- **Exercise description**
Restate the records in their entirety, word for word.

Start of Block

(* Let $\mu$ be a classification problem and $f:\mathcal X\times\mathcal A\to\Delta_k$ a deterministic calibrated predictor with $r_a:=f\sharp(\mu^X_a\times\{a\})$, and let $q^*\in\arg\min_{q\in\mathcal Q_k}\sum_aW_1(r_a,q)$, $\mathrm{Err}^*_f:=\frac12\sum_aW_1(r_a,q^* )$. Let $\rho$ be an absolutely continuous probability distribution on $\mathbb R^k$ with finite first moment, and let $u$ be the randomized map $u(s)=s+N$, $N\sim\rho$ independent. Let $\tilde r_a:=u\sharp r_a$ (the law of $S+N$, $S\sim r_a$), and let $T_a:\mathbb R^k\to\mathcal Y$ be the randomized function induced by an optimal coupling in $\Gamma(\tilde r_a,q^* )$ for the cost $\|s-y\|_1$ (kernel = regular conditional distribution of the coupling given the first coordinate). Define $\bar h_\rho(x,a)=T_a(u(f(x,a)))$. Then $$0\le\sum_{a\in[m]}\mathrm{Err}_a(\bar h_\rho)-\mathrm{Err}^*_f\le m\cdot\mathbb E_{N\sim\rho}[\|N\|_1].$$
   Context: Setup. $\mathcal X$ is a standard Borel space, $k\ge 2$, $\mathcal Y=\{e_1,\dots,e_k\}\subset\mathbb R^k$ the standard basis vectors, $\mathcal A=[m]$. A classification problem is a probability distribution $\mu$ of $(X,Y,A)$ on $\mathcal X\times\mathcal Y\times\mathcal A$ with $\mathbb P(A=a)>0$ for all $a$; $\mu^X_a$ is the law of $X$ given $A=a$. $\Delta_k=\{x\in\mathbb R^k:x\ge0,\sum_ix_i=1\}$. For a deterministic predictor $f$, $f\sharp(\mu^X_a\times\{a\})$ is the law of $f(X,a)$, $X\sim\mu^X_a$. $f$ is calibrated if for every $a$ and $i$, $\mathbb P_\mu(Y=e_i\mid f(X,A)=s,A=a)=s_i$ for $r_a$-a.e. $s$. Randomized functions are given by Markov kernels, with randomness independent of $(X,Y,A)$; the push-forward of $p$ by a randomized map with kernel $K$ is $B\mapsto\int K(s,B)dp(s)$. $\mathrm{Err}_a(h)=\mathbb P(h(X,a)\ne Y\mid A=a)$. $\mathcal Q_k$ is the set of distributions supported on $\mathcal Y$, $\Gamma(p,q)$ the couplings, $W_1(p,q)=\inf_{\gamma\in\Gamma(p,q)}\int\|s-s'\|_1d\gamma$. *)

theory Defs
  imports "HOL-Probability.Probability"
begin

definition Ycal :: "(real^'k) set" where
  "Ycal = {axis i 1 | i. True}"

definition prob_simplex :: "(real^'k) set" where
  "prob_simplex = {s. (\<forall>i. 0 \<le> s $ i) \<and> (\<Sum>i\<in>UNIV. s $ i) = 1}"
lemma best_resp_iff_deviation_gain:
  fixes d :: "real^'n::finite" and x :: "real^'n^'m::finite"
  assumes d_pos: "\<forall>j. d $ j > 0" and rmin_lt: "rmin < rmax"
  shows "z \<in> best_resp c d rmax rmin i x \<longleftrightarrow>
    z \<in> strat_set c i \<and> (\<forall>z'\<in>strat_set c i. deviation_gain d x i z' \<le> deviation_gain d x i z)"
proof -
  have "utility d rmax rmin (replace_strat x i z') i \<le> utility d rmax rmin (replace_strat x i z) i
      \<longleftrightarrow> deviation_gain d x i z' \<le> deviation_gain d x i z" for z'
    using utility_replace_strat[OF d_pos, of rmax rmin x i z] utility_replace_strat[OF d_pos, of rmax rmin x i z']
      rmin_lt by (smt (verit) mult_le_cancel_left_pos)
  then show ?thesis by (simp add: best_resp_def)
qed

lemma convex_strat_set: "convex (strat_set c i)"
proof (rule convexI)
  fix y z :: "real^'n" and u v :: real
  assume y: "y \<in> strat_set c i" and z: "z \<in> strat_set c i" and uv: "0 \<le> u" "0 \<le> v" "u + v = 1"
  have "(\<Sum>j\<in>UNIV. (u *\<^sub>R y + v *\<^sub>R z) $ j) = u * (\<Sum>j\<in>UNIV. y $ j) + v * (\<Sum>j\<in>UNIV. z $ j)"
    by (simp add: sum.distrib sum_distrib_left)
  also have "\<dots> \<le> c $ i"
    using y z uv by (intro convex_bound_le) (auto simp: strat_set_def)
  finally show "u *\<^sub>R y + v *\<^sub>R z \<in> strat_set c i"
    using y z uv by (auto simp: strat_set_def)
qed

lemma deviation_gain_segment:
  "deviation_gain d x i ((1 - \<theta>) *\<^sub>R x $ i + \<theta> *\<^sub>R z)
    = \<theta> * (\<Sum>j\<in>UNIV. potential_marginal d x i j * (z $ j - x $ i $ j))
      - \<theta>\<^sup>2 * (\<Sum>j\<in>UNIV. (z $ j - x $ i $ j)\<^sup>2 / d $ j)"
  by (simp add: deviation_gain_def sum_distrib_left algebra_simps power2_eq_square)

End of Block

- **Exercise result**
(* Let $\mu$ be a classification problem and $f:\mathcal X\times\mathcal A\to\Delta_k$ a deterministic calibrated predictor with $r_a:=f\sharp(\mu^X_a\times\{a\})$, and let $q^*\in\arg\min_{q\in\mathcal Q_k}\sum_aW_1(r_a,q)$, $\mathrm{Err}^*_f:=\frac12\sum_aW_1(r_a,q^* )$. Let $\rho$ be an absolutely continuous probability distribution on $\mathbb R^k$ with finite first moment, and let $u$ be the randomized map $u(s)=s+N$, $N\sim\rho$ independent. Let $\tilde r_a:=u\sharp r_a$ (the law of $S+N$, $S\sim r_a$), and let $T_a:\mathbb R^k\to\mathcal Y$ be the randomized function induced by an optimal coupling in $\Gamma(\tilde r_a,q^* )$ for the cost $\|s-y\|_1$ (kernel = regular conditional distribution of the coupling given the first coordinate). Define $\bar h_\rho(x,a)=T_a(u(f(x,a)))$. Then $$0\le\sum_{a\in[m]}\mathrm{Err}_a(\bar h_\rho)-\mathrm{Err}^*_f\le m\cdot\mathbb E_{N\sim\rho}[\|N\|_1].$$
   Context: Setup. $\mathcal X$ is a standard Borel space, $k\ge 2$, $\mathcal Y=\{e_1,\dots,e_k\}\subset\mathbb R^k$ the standard basis vectors, $\mathcal A=[m]$. A classification problem is a probability distribution $\mu$ of $(X,Y,A)$ on $\mathcal X\times\mathcal Y\times\mathcal A$ with $\mathbb P(A=a)>0$ for all $a$; $\mu^X_a$ is the law of $X$ given $A=a$. $\Delta_k=\{x\in\mathbb R^k:x\ge0,\sum_ix_i=1\}$. For a deterministic predictor $f$, $f\sharp(\mu^X_a\times\{a\})$ is the law of $f(X,a)$, $X\sim\mu^X_a$. $f$ is calibrated if for every $a$ and $i$, $\mathbb P_\mu(Y=e_i\mid f(X,A)=s,A=a)=s_i$ for $r_a$-a.e. $s$. Randomized functions are given by Markov kernels, with randomness independent of $(X,Y,A)$; the push-forward of $p$ by a randomized map with kernel $K$ is $B\mapsto\int K(s,B)dp(s)$. $\mathrm{Err}_a(h)=\mathbb P(h(X,a)\ne Y\mid A=a)$. $\mathcal Q_k$ is the set of distributions supported on $\mathcal Y$, $\Gamma(p,q)$ the couplings, $W_1(p,q)=\inf_{\gamma\in\Gamma(p,q)}\int\|s-s'\|_1d\gamma$. *)

theory Defs
  imports "HOL-Probability.Probability"
begin

definition Ycal :: "(real^'k) set" where
  "Ycal = {axis i 1 | i. True}"

definition prob_simplex :: "(real^'k) set" where
  "prob_simplex = {s. (\<forall>i. 0 \<le> s $ i) \<and> (\<Sum>i\<in>UNIV. s $ i) = 1}"
lemma best_resp_iff_deviation_gain:
  fixes d :: "real^'n::finite" and x :: "real^'n^'m::finite"
  assumes d_pos: "\<forall>j. d $ j > 0" and rmin_lt: "rmin < rmax"
  shows "z \<in> best_resp c d rmax rmin i x \<longleftrightarrow>
    z \<in> strat_set c i \<and> (\<forall>z'\<in>strat_set c i. deviation_gain d x i z' \<le> deviation_gain d x i z)"
proof -
  have "utility d rmax rmin (replace_strat x i z') i \<le> utility d rmax rmin (replace_strat x i z) i
      \<longleftrightarrow> deviation_gain d x i z' \<le> deviation_gain d x i z" for z'
    using utility_replace_strat[OF d_pos, of rmax rmin x i z] utility_replace_strat[OF d_pos, of rmax rmin x i z']
      rmin_lt by (smt (verit) mult_le_cancel_left_pos)
  then show ?thesis by (simp add: best_resp_def)
qed

lemma convex_strat_set: "convex (strat_set c i)"
proof (rule convexI)
  fix y z :: "real^'n" and u v :: real
  assume y: "y \<in> strat_set c i" and z: "z \<in> strat_set c i" and uv: "0 \<le> u" "0 \<le> v" "u + v = 1"
  have "(\<Sum>j\<in>UNIV. (u *\<^sub>R y + v *\<^sub>R z) $ j) = u * (\<Sum>j\<in>UNIV. y $ j) + v * (\<Sum>j\<in>UNIV. z $ j)"
    by (simp add: sum.distrib sum_distrib_left)
  also have "\<dots> \<le> c $ i"
    using y z uv by (intro convex_bound_le) (auto simp: strat_set_def)
  finally show "u *\<^sub>R y + v *\<^sub>R z \<in> strat_set c i"
    using y z uv by (auto simp: strat_set_def)
qed

lemma deviation_gain_segment:
  "deviation_gain d x i ((1 - \<theta>) *\<^sub>R x $ i + \<theta> *\<^sub>R z)
    = \<theta> * (\<Sum>j\<in>UNIV. potential_marginal d x i j * (z $ j - x $ i $ j))
      - \<theta>\<^sup>2 * (\<Sum>j\<in>UNIV. (z $ j - x $ i $ j)\<^sup>2 / d $ j)"
  by (simp add: deviation_gain_def sum_distrib_left algebra_simps power2_eq_square)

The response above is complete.